Take-Two Interactive has a unique answer to subscriptions--mingling its games in a cross-publisher catalog as part of Rockstar's popular GTA+ service.

A few of gaming's biggest companies all have their own multi-subscription services; The Big 3 with Nintendo Switch Online, Xbox Game Pass, and PlayStation Plus, alongside publisher-specific offerings like Ubisoft+ and EA Play. But what about big players like Take-Two Interactive?
Instead of making a brand new subscription service to host catalog games, Take-Two apparently wants to rotate sports games into Rockstar's already-popular GTA+ subscription. This is something that I actually missed until now, but 2K Games/Take-Two have included NBA 2K26 as part of GTA+ for a bit now, yet the game is set to leave the service entirely on April 20. That's similar to how content rotates out of Microsoft's Xbox Game Pass subscription, albeit at a much faster rate.
Take-Two is also doing something kind of different with this experiment by giving GTA+ subscribers a free permanent content pack with added in-game currency for NBA 2K26. This is meant to spark engagement and to get users to potentially purchase the game once it rotates out of GTA+.
NBA 2K26 is, and has been for weeks, the top #1 best-earning game on the PlayStation Store in terms of sales and revenue. This was due to a well-timed sale that saw the game discounted to just $17.49, and that price held for a while during the PS Store spring sale.
Putting a game like this on GTA+ also makes a lot of sense considering how big the service has become. The recent Rockstar Games leak reportedly exposed a bunch of data around GTA and even GTA+, noting that it had an all-time high subscriber count of over 1.3 million back in January of this year. This represents sizable additional revenues of $10.79 million for that month, and these earnings are higher-margin because Rockstar directly controls content access, at least on PC with its Rockstar Launcher.

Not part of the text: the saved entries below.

(* Let $m\ge2$ be such that $m+1$ is a power of $2$, and let $f$ be the two-digit base-$m$ Kaprekar map on $X=\{0,\dots,m^2-1\}$. Then $K(x)=\{0\}$ for every $x\in X$.
   Context: For an integer $m\ge2$, $X=\{0,1,\dots,m^2-1\}$, each element written with exactly two base-$m$ digits (leading zeros allowed); $f(x)=D(x)-A(x)$ where $D(x)$ (resp. $A(x)$) has the digits of $x$ in nonincreasing (resp. nondecreasing) order. The step $S(x)$ is the least $s\ge0$ such that $f^{s+t}(x)=f^s(x)$ for some $t\ge1$; $T(x)$ is the least $t\ge1$ with $f^{S(x)+t}(x)=f^{S(x)}(x)$; the fixed set of $x$ is $K(x)=\{f^{S(x)+i}(x):0\le i<T(x)\}$. *)

theory Defs
  imports Main
begin

definition kapD :: "nat \<Rightarrow> nat \<Rightarrow> nat" where
  "kapD m x = max (x div m) (x mod m) * m + min (x div m) (x mod m)"

definition kapA :: "nat \<Rightarrow> nat \<Rightarrow> nat" where
  "kapA m x = min (x div m) (x mod m) * m + max (x div m) (x mod m)"

definition kap :: "nat \<Rightarrow> nat \<Rightarrow> nat" where
  "kap m x = kapD m x - kapA m x"

definition kapS :: "nat \<Rightarrow> nat \<Rightarrow> nat" where
  "kapS m x = (LEAST s. \<exists>t\<ge>1. (kap m ^^ (s + t)) x = (kap m ^^ s) x)"

definition kapT :: "nat \<Rightarrow> nat \<Rightarrow> nat" where
  "kapT m x = (LEAST t. t \<ge> 1 \<and> (kap m ^^ (kapS m x + t)) x = (kap m ^^ kapS m x) x)"

definition kapK :: "nat \<Rightarrow> nat \<Rightarrow> nat set" where
  "kapK m x = {(kap m ^^ (kapS m x + i)) x | i. i < kapT m x}"

end

theory Submission
  imports Defs
begin

text \<open>A two-digit number with digits \<open>a, b\<close> is mapped to \<open>\<bar>a - b\<bar> (m - 1)\<close>. On the multiples
  \<open>d (m - 1)\<close>, whose digits are \<open>d - 1\<close> and \<open>m - d\<close>, the map therefore acts as
  \<open>d \<mapsto> \<bar>m + 1 - 2 d\<bar>\<close>. When \<open>m + 1 = 2\<^sup>k\<close>, each application of this map at least doubles
  the power of 2 dividing \<open>d\<close>, so after \<open>k\<close> steps \<open>d\<close> is a multiple of \<open>m + 1\<close> below \<open>m + 1\<close>,
  i.e. \<open>0\<close>. Every orbit thus ends in the fixed point \<open>0\<close>, which is then the whole cycle.\<close>

lemma funpow_fixed_point_absorbs:
  assumes "f z = z" "(f ^^ N) x = z" "N \<le> n"
  shows "(f ^^ n) x = z"
proof -
  have "(f ^^ j) z = z" for j
    using assms(1) by (induction j) auto
  then show ?thesis
    using assms(2,3) by (metis funpow_add le_add_diff_inverse2 comp_apply)
qed

lemma funpow_periodic:
  fixes f :: "'a \<Rightarrow> 'a"
  assumes "(f ^^ (s + t)) x = (f ^^ s) x"
  shows "(f ^^ (s + j * t)) x = (f ^^ s) x"
proof (induction j)
  case (Suc j)
  have "(f ^^ (s + Suc j * t)) x = (f ^^ (t + (s + j * t))) x"
    by (simp add: algebra_simps)
  also have "\<dots> = (f ^^ t) ((f ^^ (s + j * t)) x)"
    by (simp only: funpow_add o_apply)
  also have "\<dots> = (f ^^ (t + s)) x"
    using Suc by (simp only: funpow_add o_apply)
  finally show ?case
    using assms by (simp add: add.commute)
qed simp

lemma periodic_orbit_point_eq_fixed_point:
  assumes "f z = z" "(f ^^ N) x = z"
    and "t \<ge> 1" "(f ^^ (s + t)) x = (f ^^ s) x"
  shows "(f ^^ s) x = z"
proof -
  have "N \<le> s + N * t"
    using \<open>t \<ge> 1\<close> by (metis le_add2 mult.right_neutral mult_le_mono2 order_trans)
  then show ?thesis
    using funpow_periodic[OF assms(4), of N] funpow_fixed_point_absorbs[OF assms(1,2)] by simp
qed

lemma kap_eq_digit_diff:
  "kap m x = (max (x div m) (x mod m) - min (x div m) (x mod m)) * (m - 1)"
proof -
  define p where "p = max (x div m) (x mod m)"
  define q where "q = min (x div m) (x mod m)"
  have "q \<le> p"
    unfolding p_def q_def by simp
  then obtain r where "p = q + r"
    using le_Suc_ex by blast
  then have "(p * m + q) - (q * m + p) = (p - q) * (m - 1)"
    by (cases m) (auto simp: algebra_simps)
  then show ?thesis
    unfolding kap_def kapD_def kapA_def p_def q_def by simp
qed

lemma kap_zero [simp]: "kap m 0 = 0"
  by (simp add: kap_eq_digit_diff)

definition kap_diff :: "nat \<Rightarrow> nat \<Rightarrow> nat" where
  "kap_diff m d = (if d = 0 then 0 else if 2 * d \<le> m + 1 then m + 1 - 2 * d else 2 * d - (m + 1))"

lemma kap_diff_le:
  assumes "d \<le> m - 1"
  shows "kap_diff m d \<le> m - 1"
  using assms unfolding kap_diff_def by auto

lemma kap_multiple:
  assumes "m \<ge> 2" "d \<le> m - 1"
  shows "kap m (d * (m - 1)) = kap_diff m d * (m - 1)"
proof (cases "d = 0")
  case False
  have "d * (m - 1) = (d - 1) * m + (m - d)"
    using False assms by (cases d; cases m) (auto simp: algebra_simps)
  moreover have "m - d < m"
    using False assms by simp
  ultimately have "d * (m - 1) div m = d - 1" "d * (m - 1) mod m = m - d"
    by simp_all
  then show ?thesis
    using False assms unfolding kap_eq_digit_diff kap_diff_def by (auto simp: max_def min_def)
qed (simp add: kap_diff_def)

lemma kap_funpow_multiple:
  assumes "m \<ge> 2" "d \<le> m - 1"
  shows "(kap m ^^ n) (d * (m - 1)) = (kap_diff m ^^ n) d * (m - 1)"
  using assms(2)
proof (induction n arbitrary: d)
  case (Suc n)
  then show ?case
    using kap_multiple[OF assms(1) Suc.prems] kap_diff_le[OF Suc.prems]
    by (simp del: funpow.simps add: funpow_Suc_right)
qed simp

lemma kap_diff_dvd:
  assumes "m + 1 = 2 ^ k" "Suc j \<le> k" "2 ^ j dvd d"
  shows "2 ^ Suc j dvd kap_diff m d"
proof -
  have "2 ^ Suc j dvd m + 1"
    using assms(1,2) by (metis le_imp_power_dvd)
  moreover have "2 ^ Suc j dvd 2 * d"
    using assms(3) by simp
  ultimately show ?thesis
    unfolding kap_diff_def by (auto intro: dvd_diff_nat)
qed

lemma kap_diff_funpow_dvd:
  assumes "m + 1 = 2 ^ k" "n \<le> k"
  shows "2 ^ n dvd (kap_diff m ^^ n) d"
  using assms(2)
proof (induction n)
  case (Suc n)
  then show ?case
    using kap_diff_dvd[OF assms(1)] by simp
qed simp

lemma kap_diff_funpow_eq_zero:
  assumes "m + 1 = 2 ^ k" "d \<le> m - 1"
  shows "(kap_diff m ^^ k) d = 0"
proof -
  have "(kap_diff m ^^ k) d \<le> m - 1"
    using assms(2) by (induction k) (auto intro: kap_diff_le[simplified])
  then have "(kap_diff m ^^ k) d < 2 ^ k"
    using assms(1) by linarith
  then show ?thesis
    using kap_diff_funpow_dvd[OF assms(1) order_refl, of d] nat_dvd_not_less by blast
qed

lemma kap_funpow_eq_zero:
  assumes "m \<ge> 2" "m + 1 = 2 ^ k" "x < m ^ 2"
  shows "(kap m ^^ Suc k) x = 0"
proof -
  define d where "d = max (x div m) (x mod m) - min (x div m) (x mod m)"
  have "x div m < m"
    using assms(3) by (simp add: power2_eq_square less_mult_imp_div_less)
  moreover have "x mod m < m"
    using assms(1) by simp
  ultimately have d: "d \<le> m - 1"
    unfolding d_def by linarith
  have "(kap m ^^ Suc k) x = (kap m ^^ k) (d * (m - 1))"
    by (simp del: funpow.simps add: funpow_Suc_right kap_eq_digit_diff d_def)
  also have "\<dots> = 0"
    using kap_funpow_multiple[OF assms(1) d] kap_diff_funpow_eq_zero[OF assms(2) d] by simp
  finally show ?thesis .
qed

theorem corollary3p3p2:
  fixes m x :: nat
  assumes "m \<ge> 2" and "\<exists>k. m + 1 = 2 ^ k" and "x < m ^ 2"
  shows "kapK m x = {0}"
proof -
  obtain N where N: "(kap m ^^ N) x = 0"
    using assms kap_funpow_eq_zero by blast
  have "\<exists>t\<ge>1. (kap m ^^ (kapS m x + t)) x = (kap m ^^ kapS m x) x"
    unfolding kapS_def
    by (rule LeastI[of _ N]) (use funpow_fixed_point_absorbs[OF kap_zero N] in auto)
  then have cycle_start: "(kap m ^^ kapS m x) x = 0"
    using periodic_orbit_point_eq_fixed_point[OF kap_zero N] by blast
  have "kapT m x = 1"
    unfolding kapT_def by (rule Least_equality) (auto simp: cycle_start)
  then show ?thesis
    unfolding kapK_def using cycle_start by auto
qed

end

The subscription's main selling point is, of course, all the bonuses offered for GTA Online. But Rockstar also added in classic games to the mix, allowing subscribers to play and access a bunch of older titles from the studio.
GTA+ was so successful that Rockstar raised the price from $5.99 to $7.99 per month to better capitalize on the content, and to help fund more value (this price hike coincided with Red Dead Redemption's inclusion on the service).
So why is this noteworthy? It's possible we could see GTA+ expand over time with new 2K games, and even if this was a one-off experiment, it shows Take-Two's willingness to put its content on a self-hosted subscription service for a temporary period.
In short, this is just another tactic that the publisher could use to extract more long-term value out of its annualized sports games, especially when the titles are older and technically counted as catalog releases.